(* Let $M$ be a positive integer with $M\not\equiv0\bmod3$, $L$ a positive divisor of $M$ with $L^*>2$, and $\ell$ the number of prime factors of $L^*$. Then $J_0(L,M)=\frac16\Big(M\varphi(L^* )/L^*-\big(\tfrac{M}{3}\big)2^{\ell}\epsilon\Big)$, where $\big(\tfrac{M}{3}\big)$ is the Legendre symbol, and $\epsilon=1$ if $L^*$ has no prime factor congruent to $1\bmod3$, $\epsilon=0$ otherwise.
   Context: For a positive integer $n$, $n^*$ denotes the product of the distinct prime divisors of $n$, and $\varphi$ is Euler's totient function. For a positive integer $M$, a positive divisor $L$ of $M$ and an integer $k\ge0$, $J_k(L,M)=\sum_u u^k$, the sum over integers $u$ with $0<u<M/2$, $\gcd(u,L)=1$ and $u\equiv -M\bmod 3$. *)

theory Defs
  imports "HOL-Number_Theory.Number_Theory"
begin

text \<open>n^*: the product of the distinct prime divisors of n (the radical).\<close>
definition rad :: "nat \<Rightarrow> nat" where
  "rad n = (\<Prod>p\<in>prime_factors n. p)"

definition J :: "nat \<Rightarrow> nat \<Rightarrow> nat \<Rightarrow> real" where
  "J k L M = (\<Sum>u\<in>{u::nat. 0 < u \<and> 2 * u < M \<and> coprime u L \<and> [int u = - int M] (mod 3)}.
       real u ^ k)"

end

theory Submission
  imports Defs
begin

text \<open>
  Write \<open>\<chi>\<close> for the nontrivial character modulo 3 and let \<open>P\<close> be the set of primes of \<open>L\<close>.
  Counting \<open>u < M/2\<close> with \<open>u \<equiv> -M (mod 3)\<close> and no prime factor in \<open>P\<close> is a sieve:
  removing the multiples of one more prime \<open>p \<mid> M\<close> subtracts the same count for \<open>M/p\<close>
  (substitute \<open>u = p v\<close>; the congruence survives because \<open>p \<noteq> 3\<close>). The expression
  \<open>(M \<Prod>(1 - 1/p) - \<chi>(M) \<Prod>(1 - \<chi>(p)))/6\<close> obeys the same recursion, since \<open>\<chi>\<close> is
  multiplicative with \<open>\<chi>(p)\<^sup>2 = 1\<close>, and for \<open>P = {}\<close> it is the exact count up to a parity
  error of \<open>1/2\<close> for even \<open>M\<close>. Odd primes preserve the parity of \<open>M\<close>, so this error
  cancels as soon as one odd prime is sieved out, which \<open>L\<^sup>* > 2\<close> guarantees.
  Finally \<open>\<Prod>(1 - \<chi>(p))\<close> is \<open>2\<^sup>\<ell>\<close> or \<open>0\<close>, and \<open>\<chi>(M)\<close> is the Legendre symbol.
\<close>

definition chi3 :: "nat \<Rightarrow> int" where
  "chi3 n = (if n mod 3 = 1 then 1 else if n mod 3 = 2 then -1 else 0)"

lemma chi3_mod_6: "chi3 (M mod 6) = chi3 M"
  by (simp add: chi3_def mod_mod_cancel)

lemma chi3_mult: "chi3 (a * b) = chi3 a * chi3 b"
proof -
  have "(a * b) mod 3 = ((a mod 3) * (b mod 3)) mod 3"
    by (simp add: mod_mult_eq)
  moreover have "a mod 3 \<in> {0, 1, 2}" "b mod 3 \<in> {0, 1, 2}"
    by auto
  ultimately show ?thesis
    unfolding chi3_def by auto
qed

lemma not_3_dvd_mod_3_cases: "\<not> 3 dvd (n::nat) \<Longrightarrow> n mod 3 = 1 \<or> n mod 3 = 2"
  by presburger

lemma chi3_square: "\<not> 3 dvd n \<Longrightarrow> chi3 n * chi3 n = 1"
  using not_3_dvd_mod_3_cases[of n] unfolding chi3_def by auto

lemma Legendre_3_eq_chi3:
  assumes "\<not> 3 dvd M"
  shows "Legendre (int M) 3 = chi3 M"
proof -
  have not_cong_0: "\<not> [int M = 0] (mod 3)"
    using assms by (simp add: cong_0_iff) (metis int_dvd_int_iff of_nat_numeral)
  have square_mod_3: "y\<^sup>2 mod 3 \<in> {0, 1}" for y :: int
  proof -
    have "y\<^sup>2 mod 3 = (y mod 3)\<^sup>2 mod 3"
      by (metis power_mod)
    moreover have "y mod 3 \<in> {0, 1, 2}"
      by auto
    ultimately show ?thesis
      by auto
  qed
  have M_mod: "int M mod 3 = int (M mod 3)"
    using of_nat_mod[where 'a = int, of M 3] by simp
  consider "M mod 3 = 1" | "M mod 3 = 2"
    using not_3_dvd_mod_3_cases[OF assms] by blast
  then show ?thesis
  proof cases
    case 1
    then have "[1\<^sup>2 = int M] (mod 3)"
      unfolding cong_def using M_mod by simp
    then have "QuadRes 3 (int M)"
      unfolding QuadRes_def by blast
    with 1 not_cong_0 show ?thesis
      by (simp add: Legendre_def chi3_def)
  next
    case 2
    have "\<not> QuadRes 3 (int M)"
    proof
      assume "QuadRes 3 (int M)"
      then obtain y where "[y\<^sup>2 = int M] (mod 3)"
        unfolding QuadRes_def by blast
      then have "y\<^sup>2 mod 3 = 2"
        using 2 M_mod unfolding cong_def by simp
      with square_mod_3[of y] show False
        by auto
    qed
    with 2 not_cong_0 show ?thesis
      by (simp add: Legendre_def chi3_def)
  qed
qed

lemma prod_one_minus_chi3:
  assumes "finite P" and "\<forall>p\<in>P. \<not> 3 dvd p"
  shows "(\<Prod>p\<in>P. 1 - real_of_int (chi3 p))
           = 2 ^ card P * (if \<forall>p\<in>P. \<not> [p = 1] (mod 3) then 1 else 0)"
proof (cases "\<forall>p\<in>P. \<not> [p = 1] (mod 3)")
  case True
  then have "\<forall>p\<in>P. p mod 3 = 2"
    using assms(2) not_3_dvd_mod_3_cases by (auto simp: cong_def)
  then have "(\<Prod>p\<in>P. 1 - real_of_int (chi3 p)) = (\<Prod>p\<in>P. 2)"
    by (intro prod.cong) (auto simp: chi3_def)
  with True show ?thesis
    by simp
next
  case False
  then obtain p where "p \<in> P" "p mod 3 = 1"
    by (auto simp: cong_def)
  then have "(\<Prod>p\<in>P. 1 - real_of_int (chi3 p)) = 0"
    using assms(1) by (intro prod_zero bexI[of _ p]) (simp_all add: chi3_def)
  with False show ?thesis
    by simp
qed

definition sifted_count :: "nat set \<Rightarrow> nat \<Rightarrow> nat" where
  "sifted_count P M = card {u. 0 < u \<and> 2 * u < M \<and> (\<forall>p\<in>P. \<not> p dvd u) \<and> 3 dvd (u + M)}"

definition sieve_estimate :: "nat set \<Rightarrow> nat \<Rightarrow> real" where
  "sieve_estimate P M = (real M * (\<Prod>p\<in>P. 1 - 1 / real p)
      - real_of_int (chi3 M) * (\<Prod>p\<in>P. 1 - real_of_int (chi3 p))) / 6"

lemma card_residue_class_below_half:
  assumes "c = 1 \<or> c = 2"
    and "\<And>u. 3 dvd (u + M) \<longleftrightarrow> u mod 3 = c"
    and "\<And>k. 2 * (3 * k + c) < M \<longleftrightarrow> k < n"
  shows "card {u. 0 < u \<and> 2 * u < M \<and> 3 dvd (u + M)} = n"
proof -
  have "{u. 0 < u \<and> 2 * u < M \<and> 3 dvd (u + M)} = (\<lambda>k. 3 * k + c) ` {..<n}"
  proof (intro equalityI subsetI)
    fix u
    assume "u \<in> {u. 0 < u \<and> 2 * u < M \<and> 3 dvd (u + M)}"
    then have "u mod 3 = c" "2 * u < M"
      using assms(2) by auto
    then have "u = 3 * (u div 3) + c" "2 * u < M"
      using div_mult_mod_eq[of u 3] by simp_all
    with assms(3)[of "u div 3"] show "u \<in> (\<lambda>k. 3 * k + c) ` {..<n}"
      by (metis image_eqI lessThan_iff)
  next
    fix u
    assume "u \<in> (\<lambda>k. 3 * k + c) ` {..<n}"
    then obtain k where "k < n" "u = 3 * k + c"
      by auto
    with assms show "u \<in> {u. 0 < u \<and> 2 * u < M \<and> 3 dvd (u + M)}"
      by auto
  qed
  then show ?thesis
    by (simp add: card_image inj_on_def)
qed

lemma sifted_count_empty:
  assumes "\<not> 3 dvd M"
  shows "real (sifted_count {} M) = sieve_estimate {} M - (if even M then 1/2 else 0)"
proof -
  let ?count = "card {u. 0 < u \<and> 2 * u < M \<and> 3 dvd (u + M)}"
  define q r where "q = M div 6" and "r = M mod 6"
  have M: "M = 6 * q + r"
    unfolding q_def r_def by simp
  have "r = 1 \<or> r = 2 \<or> r = 4 \<or> r = 5"
    using assms unfolding r_def by presburger
  then have "6 * real ?count = real M - real_of_int (chi3 r) - (if even r then 3 else 0)"
  proof (elim disjE)
    assume "r = 1"
    then have "?count = q"
      by (intro card_residue_class_below_half[of 2]) (simp_all add: M; presburger)+
    with \<open>r = 1\<close> M show ?thesis by (simp add: chi3_def)
  next
    assume "r = 2"
    then have "?count = q"
      by (intro card_residue_class_below_half[of 1]) (simp_all add: M; presburger)+
    with \<open>r = 2\<close> M show ?thesis by (simp add: chi3_def)
  next
    assume "r = 4"
    then have "?count = q"
      by (intro card_residue_class_below_half[of 2]) (simp_all add: M; presburger)+
    with \<open>r = 4\<close> M show ?thesis by (simp add: chi3_def)
  next
    assume "r = 5"
    then have "?count = q + 1"
      by (intro card_residue_class_below_half[of 1]) (simp_all add: M; presburger)+
    with \<open>r = 5\<close> M show ?thesis by (simp add: chi3_def)
  qed
  moreover have "even r \<longleftrightarrow> even M"
    unfolding M by simp
  ultimately have "6 * real ?count = real M - real_of_int (chi3 M) - (if even M then 3 else 0)"
    unfolding r_def chi3_mod_6 by simp
  then show ?thesis
    unfolding sifted_count_def sieve_estimate_def by (cases "even M") (simp_all add: field_simps)
qed

lemma sifted_count_insert:
  assumes "prime p" "p \<noteq> 3" "p \<notin> P" "\<forall>q\<in>P. prime q" "p dvd M"
  shows "sifted_count (insert p P) M + sifted_count P (M div p) = sifted_count P M"
proof -
  obtain K where M: "M = p * K"
    using assms(5) by blast
  have "p > 0" "\<not> 3 dvd p"
    using assms(1,2) prime_gt_0_nat primes_dvd_imp_eq[of 3 p] by auto
  define A where "A = {u. 0 < u \<and> 2 * u < M \<and> (\<forall>q\<in>P. \<not> q dvd u) \<and> 3 dvd (u + M)}"
  define B where "B = {v. 0 < v \<and> 2 * v < K \<and> (\<forall>q\<in>P. \<not> q dvd v) \<and> 3 dvd (v + K)}"
  have "finite A"
    unfolding A_def by (rule finite_subset[of _ "{..<M}"]) auto
  have "{u \<in> A. p dvd u} = (\<lambda>v. p * v) ` B"
  proof (intro equalityI subsetI)
    fix u
    assume "u \<in> {u \<in> A. p dvd u}"
    then obtain v where v: "u = p * v" "0 < u" "2 * u < M" "\<forall>q\<in>P. \<not> q dvd u" "3 dvd p * (v + K)"
      unfolding A_def M by (auto simp: distrib_left)
    have "3 dvd v + K"
      using v(5) \<open>\<not> 3 dvd p\<close> prime_dvd_mult_iff[of "3::nat" p "v + K"] by simp
    with v \<open>p > 0\<close> have "v \<in> B"
      unfolding B_def M by auto
    with v(1) show "u \<in> (\<lambda>v. p * v) ` B"
      by blast
  next
    fix u
    assume "u \<in> (\<lambda>v. p * v) ` B"
    then obtain v where v: "u = p * v" "v \<in> B"
      by blast
    have "\<not> q dvd u" if "q \<in> P" for q
    proof -
      have "\<not> q dvd p"
        using that assms(1,3,4) primes_dvd_imp_eq by blast
      with that v assms(4) show ?thesis
        unfolding B_def by (auto simp: prime_dvd_mult_iff)
    qed
    with v \<open>p > 0\<close> show "u \<in> {u \<in> A. p dvd u}"
      unfolding A_def B_def M by (auto simp: distrib_left[symmetric])
  qed
  then have "card {u \<in> A. p dvd u} = card B"
    using \<open>p > 0\<close> by (simp add: card_image inj_on_def)
  moreover have "card A = card {u \<in> A. \<not> p dvd u} + card {u \<in> A. p dvd u}"
    using \<open>finite A\<close> by (subst card_Un_disjoint[symmetric]) (auto intro: arg_cong[where f = card])
  moreover have "{u \<in> A. \<not> p dvd u}
      = {u. 0 < u \<and> 2 * u < M \<and> (\<forall>q\<in>insert p P. \<not> q dvd u) \<and> 3 dvd (u + M)}"
    unfolding A_def by auto
  ultimately show ?thesis
    unfolding sifted_count_def A_def B_def using M \<open>p > 0\<close> by simp
qed
(* Let $R$ be a commutative ring with identity. Then: (1) If $M$ is a coprime $R$-module and $N$ is any $R$-module, then $\operatorname{Hom}_R(M,N)$ is a prime $R$-module. Conversely, if $N$ is an injective cogenerator and $\operatorname{Hom}_R(M,N)$ is prime, then $M$ is coprime. (2) If $R$ is Noetherian, $N$ is an injective cogenerator $R$-module and $M$ is a prime $R$-module, then $\operatorname{Hom}_R(M,N)$ is a coprime $R$-module. (3) If $M$ is a prime (resp. weakly prime, coprime, weakly coprime) $R$-module, then for every prime ideal $\mathcal P$ of $R$ the $R_{\mathcal P}$-module $M_{\mathcal P}$ is prime (resp. weakly prime, coprime, weakly coprime). (4) An injective cogenerator $R$-module which is reduced (resp. weakly prime) is coreduced (resp. weakly coprime). (5) A progenerator $R$-module which is coreduced (resp. weakly coprime) is reduced (resp. weakly prime).
   Context: All rings are commutative with identity and modules are unital. An $R$-module $M$ is: prime if for all ideals $I$ of $R$ and all $m\in M$, $Im=0$ implies $m=0$ or $IM=0$; weakly prime if for all ideals $I,J$ of $R$ and $m\in M$, $IJm=0$ implies $Im=0$ or $Jm=0$; reduced if for all ideals $I$ and $m\in M$, $I^2m=0$ implies $Im=0$; coprime if for all ideals $I$ of $R$, $IM=0$ or $IM=M$; weakly coprime if for all ideals $I,J$ of $R$, $IJM=IM$ or $IJM=JM$; coreduced if $IM=I^2M$ for all ideals $I$. A progenerator is a finitely generated projective generator. *)

theory Defs
  imports "HOL-Algebra.Module" "HOL-Algebra.Ideal_Product" "HOL-Algebra.Ring_Divisibility"
begin

inductive_set gen_submod :: "'a ring \<Rightarrow> ('a, 'm) module \<Rightarrow> 'm set \<Rightarrow> 'm set"
  for R M X where
    zero: "\<zero>\<^bsub>M\<^esub> \<in> gen_submod R M X"
  | incl: "x \<in> X \<Longrightarrow> x \<in> gen_submod R M X"
  | smult: "\<lbrakk> a \<in> carrier R; x \<in> gen_submod R M X \<rbrakk> \<Longrightarrow> a \<odot>\<^bsub>M\<^esub> x \<in> gen_submod R M X"
  | add: "\<lbrakk> x \<in> gen_submod R M X; y \<in> gen_submod R M X \<rbrakk> \<Longrightarrow> x \<oplus>\<^bsub>M\<^esub> y \<in> gen_submod R M X"

definition ideal_elt :: "'a ring \<Rightarrow> ('a, 'm) module \<Rightarrow> 'a set \<Rightarrow> 'm \<Rightarrow> 'm set" where
  "ideal_elt R M I m = {a \<odot>\<^bsub>M\<^esub> m | a. a \<in> I}"
(* Let $R$ be an Armendariz ring. Then the polynomial ring $R[x]$ is a generalized right Baer ring if and only if $R$ is a generalized right Baer ring.
   Context: All rings are associative with identity. For a nonempty subset $X$ of a ring $R$, $r_R(X)=\{a\in R : xa=0 \text{ for all } x\in X\}$, and for a positive integer $n$, $X^n$ denotes the set of all products $a_1\cdots a_n$ with $a_i\in X$. A ring $R$ is generalized right Baer if for every nonempty subset $X$ of $R$ there exist a positive integer $n$ (depending on $X$) and an idempotent $e\in R$ with $r_R(X^n)=eR$. A ring $R$ is Armendariz if whenever polynomials $f(x)=\sum_{i=0}^m a_ix^i$ and $g(x)=\sum_{j=0}^n b_jx^j$ in $R[x]$ satisfy $f(x)g(x)=0$, then $a_ib_j=0$ for all $i,j$. *)

theory Defs
  imports "HOL-Algebra.UnivPoly"
begin

definition r_ann :: "('a, 'm) ring_scheme \<Rightarrow> 'a set \<Rightarrow> 'a set" where
  "r_ann R X = {a \<in> carrier R. \<forall>x\<in>X. x \<otimes>\<^bsub>R\<^esub> a = \<zero>\<^bsub>R\<^esub>}"

text \<open>X^n: all products a_1 \<dots> a_n with a_i in X (intended for n \<ge> 1).\<close>
definition set_pow :: "('a, 'm) ring_scheme \<Rightarrow> 'a set \<Rightarrow> nat \<Rightarrow> 'a set" where
  "set_pow R X n = {foldr (\<lambda>a b. a \<otimes>\<^bsub>R\<^esub> b) xs \<one>\<^bsub>R\<^esub> | xs. length xs = n \<and> set xs \<subseteq> X}"

definition gen_right_baer :: "('a, 'm) ring_scheme \<Rightarrow> bool" where
  "gen_right_baer R \<longleftrightarrow>
     (\<forall>X. X \<subseteq> carrier R \<and> X \<noteq> {} \<longrightarrow>
        (\<exists>n::nat. n > 0 \<and> (\<exists>e\<in>carrier R. e \<otimes>\<^bsub>R\<^esub> e = e \<and>
            r_ann R (set_pow R X n) = {e \<otimes>\<^bsub>R\<^esub> a | a. a \<in> carrier R})))"

definition armendariz :: "('a, 'm) ring_scheme \<Rightarrow> bool" where
  "armendariz R \<longleftrightarrow>
     (\<forall>f\<in>carrier (UP R). \<forall>g\<in>carrier (UP R).
        f \<otimes>\<^bsub>UP R\<^esub> g = \<zero>\<^bsub>UP R\<^esub> \<longrightarrow>
        (\<forall>i j. coeff (UP R) f i \<otimes>\<^bsub>R\<^esub> coeff (UP R) g j = \<zero>\<^bsub>R\<^esub>))"

end

(* Over an Armendariz ring, a product f_1 \<cdots> f_n g of polynomials vanishes iff every
   product a_1 \<cdots> a_n b vanishes, where a_i ranges over the coefficients of f_i and b over
   those of g. So if C is the set of coefficients of the polynomials in Y, then r(Y^n) in R[x]
   consists of the polynomials with all coefficients in r(C^n), and r(C^n) = eR gives
   r(Y^n) = eR[x]. Conversely, for constant polynomials r(S^n) in R[x] is r(S^n)[x], so
   r(S^n)[x] = E R[x] forces r(S^n) = E(0) R; this direction needs no Armendariz hypothesis. *)
theory Submission
  imports Defs "HOL-Algebra.Divisibility"
begin

lemma (in ring) r_ann_mult_closed:
  assumes "S \<subseteq> carrier R" and "x \<in> r_ann R S" and "a \<in> carrier R"
  shows "x \<otimes> a \<in> r_ann R S"
  using assms by (auto simp: r_ann_def m_assoc[symmetric] subsetD)

lemma (in ring) zero_in_r_ann: "S \<subseteq> carrier R \<Longrightarrow> \<zero> \<in> r_ann R S"
  by (auto simp: r_ann_def subsetD)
★ ★ ★ ★ ★
> _ACTION ITEM_: Repeat the records above line by line, from the first line through the line that contains "error of \<open>1/2\<close>".

> _RESULT OF THE EXERCISE_:
(* Let $M$ be a positive integer with $M\not\equiv0\bmod3$, $L$ a positive divisor of $M$ with $L^*>2$, and $\ell$ the number of prime factors of $L^*$. Then $J_0(L,M)=\frac16\Big(M\varphi(L^* )/L^*-\big(\tfrac{M}{3}\big)2^{\ell}\epsilon\Big)$, where $\big(\tfrac{M}{3}\big)$ is the Legendre symbol, and $\epsilon=1$ if $L^*$ has no prime factor congruent to $1\bmod3$, $\epsilon=0$ otherwise.
   Context: For a positive integer $n$, $n^*$ denotes the product of the distinct prime divisors of $n$, and $\varphi$ is Euler's totient function. For a positive integer $M$, a positive divisor $L$ of $M$ and an integer $k\ge0$, $J_k(L,M)=\sum_u u^k$, the sum over integers $u$ with $0<u<M/2$, $\gcd(u,L)=1$ and $u\equiv -M\bmod 3$. *)

theory Defs
  imports "HOL-Number_Theory.Number_Theory"
begin

text \<open>n^*: the product of the distinct prime divisors of n (the radical).\<close>
definition rad :: "nat \<Rightarrow> nat" where
  "rad n = (\<Prod>p\<in>prime_factors n. p)"

definition J :: "nat \<Rightarrow> nat \<Rightarrow> nat \<Rightarrow> real" where
  "J k L M = (\<Sum>u\<in>{u::nat. 0 < u \<and> 2 * u < M \<and> coprime u L \<and> [int u = - int M] (mod 3)}.
       real u ^ k)"

end

theory Submission
  imports Defs
begin

text \<open>
  Write \<open>\<chi>\<close> for the nontrivial character modulo 3 and let \<open>P\<close> be the set of primes of \<open>L\<close>.
  Counting \<open>u < M/2\<close> with \<open>u \<equiv> -M (mod 3)\<close> and no prime factor in \<open>P\<close> is a sieve:
  removing the multiples of one more prime \<open>p \<mid> M\<close> subtracts the same count for \<open>M/p\<close>
  (substitute \<open>u = p v\<close>; the congruence survives because \<open>p \<noteq> 3\<close>). The expression
  \<open>(M \<Prod>(1 - 1/p) - \<chi>(M) \<Prod>(1 - \<chi>(p)))/6\<close> obeys the same recursion, since \<open>\<chi>\<close> is
  multiplicative with \<open>\<chi>(p)\<^sup>2 = 1\<close>, and for \<open>P = {}\<close> it is the exact count up to a parity
  error of \<open>1/2\<close> for even \<open>M\<close>. Odd primes preserve the parity of \<open>M\<close>, so this error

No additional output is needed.